Leitsatz (amtlich)

Die Befreiungsvorschrift des § 5 Nr. 3 GrStG bezieht sich nur auf Wohnräume, nicht auf Wohnungen. In städtischen Gebieten ist eine Wohneinheit nur dann eine Wohnung, wenn zu ihr ein eigener Abort gehört.

 

Normenkette

GrStG § 4 Nr. 3 Buchst. b, § 5 Nr. 3, § 6 Abs. 2

 

Tatbestand

Die Klägerin ist eine Stiftung privaten Rechts, die wegen der Förderung mildtätiger Zwecke von der Körperschaftsteuer, Gewerbesteuer und Vermögensteuer befreit ist. Sie ist Eigentümerin von zwei aneinandergrenzenden Grundstücken. In den auf diesen Grundstücken errichteten zwei Gebäuden hat die Klägerin nach ihrem Statut über 50jährige Witwen oder unverheiratete Töchter bereits verstorbener Männer, die im öffentlichen Dienst pflichttreu gedient haben, unterzubringen, soweit sie wirtschaftlich bedürftig sind. Nach den Feststellungen des FG werden den Benefiziatinnen, die zu mehr als 2/3 weniger als 450 DM an monatlichen Einkünften haben, Wohneinheiten zur Verfügung gestellt, die in der Mehrzahl aus zwei Zimmern, einer Küche und Nebengelaß bestehen. Die Wohneinheiten haben separate Zugänge und sind für sich abgeschlossen. Bade- und Toilettenräume werden außerhalb der Wohneinheiten gemeinschaftlich benutzt. Die Stiftshäuser haben einen Gemeinschaftsraum mit Bibliothek und Flügel sowie ein Fernsehzimmer. Die Wohneinheiten werden unmöbliert vergeben. Das Gemeinschaftsleben wird durch eine Hausordnung geregelt. Die Klägerin sieht es als ihr Ziel an, die Benefiziatinnen selbständig leben und wirtschaften zu lassen. Sind die Benefiziatinnen hierzu nicht mehr in der Lage, so werden sie durch die Stadtküche verpflegt, durch die Stiftsverwaltung betreut, in leichten Krankheitsfällen pflegerisch versorgt; in schweren Fällen wird ärztliche Hilfe beschafft oder eine Überweisung in das Krankenhaus veranlaßt. Die Stiftsverwaltung besteht aus einer Heimleiterin mit einer krankenpflegerischen Ausbildung und einer weiteren Mitarbeiterin. Seit die Stadt ihrer gesetzlichen Verpflichtung, die Stiftung durch Geldzuwendungen mit zu unterhalten, nicht mehr nachkommt, ist die Klägerin nach ihren Angaben genötigt, von den Benefiziatinnen, soweit sie mehr als 200 DM monatliche Einnahmen haben, eine Umlage zur Bestreitung der Verwaltungskosten zu erheben.

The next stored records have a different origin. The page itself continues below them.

lemma rel_eigenvalues_matched_join:
  "{lam. rel_eigenvalue {0..<7} matched_join lam} = {-1, 0, 1, 4, -3}"
proof (intro equalityI subsetI)
  fix lam assume "lam \<in> {lam. rel_eigenvalue {0..<7} matched_join lam}"
  then show "lam \<in> {-1, 0, 1, 4, -3}"
    unfolding mem_Collect_eq rel_eigenvalue_matched_join_iff
    by (elim exE conjE) (rule eigenvalue_matched_join_cases; assumption)
next
  fix lam :: real assume "lam \<in> {-1, 0, 1, 4, -3}"
  then consider "lam = -1" | "lam = 0" | "lam = 1" | "lam = 4" | "lam = -3" by auto
  then show "lam \<in> {lam. rel_eigenvalue {0..<7} matched_join lam}"
  proof cases
    case 1
    show ?thesis
      unfolding mem_Collect_eq rel_eigenvalue_matched_join_iff
      by (intro exI[of _ "\<lambda>z. if z = 0 then 1 else if z = 1 then -1 else 0"] conjI exI[of _ 0]) (simp_all add: 1)
  next
    case 2
    show ?thesis
      unfolding mem_Collect_eq rel_eigenvalue_matched_join_iff
      by (intro exI[of _ "\<lambda>z. if z = 4 then 1 else if z = 5 then -1 else 0"] conjI exI[of _ 4]) (simp_all add: 2)
  next
    case 3
    show ?thesis
      unfolding mem_Collect_eq rel_eigenvalue_matched_join_iff
      by (intro exI[of _ "\<lambda>z. if z < 2 then 1 else if z < 4 then -1 else 0"] conjI exI[of _ 0]) (simp_all add: 3)
  next
    case 4
    show ?thesis
      unfolding mem_Collect_eq rel_eigenvalue_matched_join_iff
      by (intro exI[of _ "\<lambda>z. 1"] conjI exI[of _ 0]) (simp_all add: 4)
  next
    case 5
    show ?thesis
      unfolding mem_Collect_eq rel_eigenvalue_matched_join_iff
      by (intro exI[of _ "\<lambda>z. if z < 4 then 3 else -4"] conjI exI[of _ 0]) (simp_all add: 5)
  qed
qed

lemma regular_graph_five_eigenvalues:
  "\<exists>n E. simple_graph n E \<and> connected_graph n E \<and> \<not> bipartite n E \<and>
     card (graph_eigenvalues n E) = 5 \<and> card (valencies n E) = 1"
proof -
  have diameter: "matched_join y z \<or> (\<exists>w\<in>{0..<7}. matched_join y w \<and> matched_join w z)"
    if "y \<in> {0..<7}" "z \<in> {0..<7}" "y \<noteq> z" for y z
  proof (cases "y < 4 \<longleftrightarrow> z < 4")
    case True
    then have "matched_join y (if y < 4 then 4 else 0)" "matched_join (if y < 4 then 4 else 0) z"
      by (simp_all add: matched_join_def)
    then show ?thesis by (intro disjI2 bexI[of _ "if y < 4 then 4 else 0"]) simp_all
  qed (auto simp: matched_join_def)
  have "\<exists>n E. simple_graph n E \<and> connected_graph n E \<and> \<not> bipartite n E \<and>
      graph_eigenvalues n E = {lam. rel_eigenvalue {0..<7} matched_join lam} \<and>
      valencies n E = (\<lambda>y. card {z\<in>{0..<7}. matched_join y z}) ` {0..<7}"
    by (rule graph_from_relation[of _ _ 0 1 4, OF _ _ _ diameter]) (auto simp: matched_join_def)
  then obtain n E where "simple_graph n E" "connected_graph n E" "\<not> bipartite n E"
    and eigenvalues: "graph_eigenvalues n E = {lam. rel_eigenvalue {0..<7} matched_join lam}"
    and valencies: "valencies n E = (\<lambda>y. card {z\<in>{0..<7}. matched_join y z}) ` {0..<7}"
    by blast
  moreover have "valencies n E = (\<lambda>_. 4) ` {0..<7::nat}"
    unfolding valencies using card_neighbours_matched_join by (intro image_cong) auto
  then have "card (valencies n E) = 1" by (simp add: image_constant_conv)
  moreover have "card (graph_eigenvalues n E) = 5"
    unfolding eigenvalues rel_eigenvalues_matched_join by simp
  ultimately show ?thesis by blast
qed

lemma graph_five_eigenvalues_many_valencies:
  assumes "2 \<le> t"
  shows "\<exists>n E. simple_graph n E \<and> connected_graph n E \<and> \<not> bipartite n E \<and>
     card (graph_eigenvalues n E) = 5 \<and> card (valencies n E) = t"
proof -
  interpret G: biclique_complement t "\<lambda>j. 2 ^ j" "\<lambda>j. 2 ^ (t - 1 - j)" "2 ^ (t - 1)"
  proof
    show "(2::nat) ^ j * 2 ^ (t - 1 - j) = 2 ^ (t - 1)" if "j < t" for j
      using that by (simp flip: power_add)
    have "(2::nat) ^ 1 \<le> 2 ^ (t - 1)" using assms by (intro power_increasing) auto
    then show "2 \<le> (2::nat) ^ (t - 1)" by simp
  qed (use assms in simp_all)
  let ?deg = "\<lambda>i. G.num_verts - 1 - 2 ^ i"
  have "{G.num_verts - 1 - G.side j b | j b. j < t} = ?deg ` {..<t}"
  proof (intro equalityI subsetI)
    fix d assume "d \<in> {G.num_verts - 1 - G.side j b | j b. j < t}"
    then obtain j b where "j < t" "d = G.num_verts - 1 - G.side j b" by blast
    then have "d = ?deg (if b then j else t - 1 - j)"
      by (simp only: G.side_def) (simp add: if_distrib)
    then show "d \<in> ?deg ` {..<t}" using \<open>j < t\<close> by auto
  next
    fix d assume "d \<in> ?deg ` {..<t}"
    then obtain i where "i < t" "d = ?deg i" by blast
    then have "d = G.num_verts - 1 - G.side i True" unfolding G.side_def by simp
    then show "d \<in> {G.num_verts - 1 - G.side j b | j b. j < t}" using \<open>i < t\<close> by blast
  qed
  moreover have "inj_on ?deg {..<t}"
  proof (rule inj_onI)
    have "(2::nat) ^ (t - 1) < G.num_verts"
      unfolding G.num_verts_def
      using member_le_sum[of "t - 1" "{..<t}" "\<lambda>j. (2::nat) ^ j + 2 ^ (t - 1 - j)"] assms by simp
    moreover have "(2::nat) ^ i \<le> 2 ^ (t - 1)" if "i \<in> {..<t}" for i
      using that by (intro power_increasing) auto
    ultimately have small: "(2::nat) ^ i < G.num_verts" if "i \<in> {..<t}" for i
      using that le_less_trans by blast
    fix i i' assume "i \<in> {..<t}" "i' \<in> {..<t}" "?deg i = ?deg i'"
    then have "(2::nat) ^ i = 2 ^ i'"
      using small[of i] small[of i'] by linarith
    then show "i = i'" by simp
  qed
  ultimately have "card {G.num_verts - 1 - G.side j b | j b. j < t} = t"
    by (simp add: card_image)
  moreover obtain n E where "simple_graph n E" "connected_graph n E" "\<not> bipartite n E"
    "card (graph_eigenvalues n E) = 5" "valencies n E = {G.num_verts - 1 - G.side j b | j b. j < t}"
    using G.graph_exists by blast
  ultimately show ?thesis by metis
qed

theorem theorem3:
  fixes t :: nat
  assumes "t \<ge> 1"
  shows "\<exists>n E. simple_graph n E \<and> connected_graph n E \<and> \<not> bipartite n E \<and>
           card (graph_eigenvalues n E) = 5 \<and> card (valencies n E) = t"
proof (cases "t = 1")
  case True
  then show ?thesis using regular_graph_five_eigenvalues by simp
next
  case False
  then show ?thesis using assms graph_five_eigenvalues_many_valencies by simp
qed

end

Das FA behandelte die beiden Grundstücke zunächst nach § 4 Nr. 3 Buchst. b GrStG im vollen Umfang als steuerfreien Grundbesitz. Auf den 1. Januar 1955 stellte es dann aber im Wege der Nachfeststellungen Einheitswerte für je einen Teil der beiden Gebäude fest. Diese Teile der beiden Gebäude sah das FA deswegen als steuerpflichtig an, weil sie an Benefiziatinnen vergeben waren, die nicht als bedürftig angesehen werden konnten. Es wurden dementsprechend auch für diese Teile der beiden Gebäude Grundsteuermeßbeträge festgesetzt. Bei Wertfortschreibungen auf den 1. Januar 1957 wurden weitere Teile der Gebäude als steuerpflichtig behandelt. Durch Bescheid vom 28. Februar 1963 führte das FA auf den 1. Januar 1963 erneut Wertfortschreibungen der beiden Einheitswerte und Fortschreibungsveranlagungen der Grundsteuermeßbeträge durch. Es behandelte dabei die beiden Grundstücke als voll grundsteuerpflichtig; es war der Auffassung, daß die Befreiungsvorschriften der §§ 4 und 5 GrStG nicht in Betracht kämen, weil es sich bei den Stiftshäusern weder um Grundstücke im Sinne des § 4 GrStG noch bei den Wohneinheiten in den Stiftshäusern um Wohnräume, sondern um Wohnungen handele.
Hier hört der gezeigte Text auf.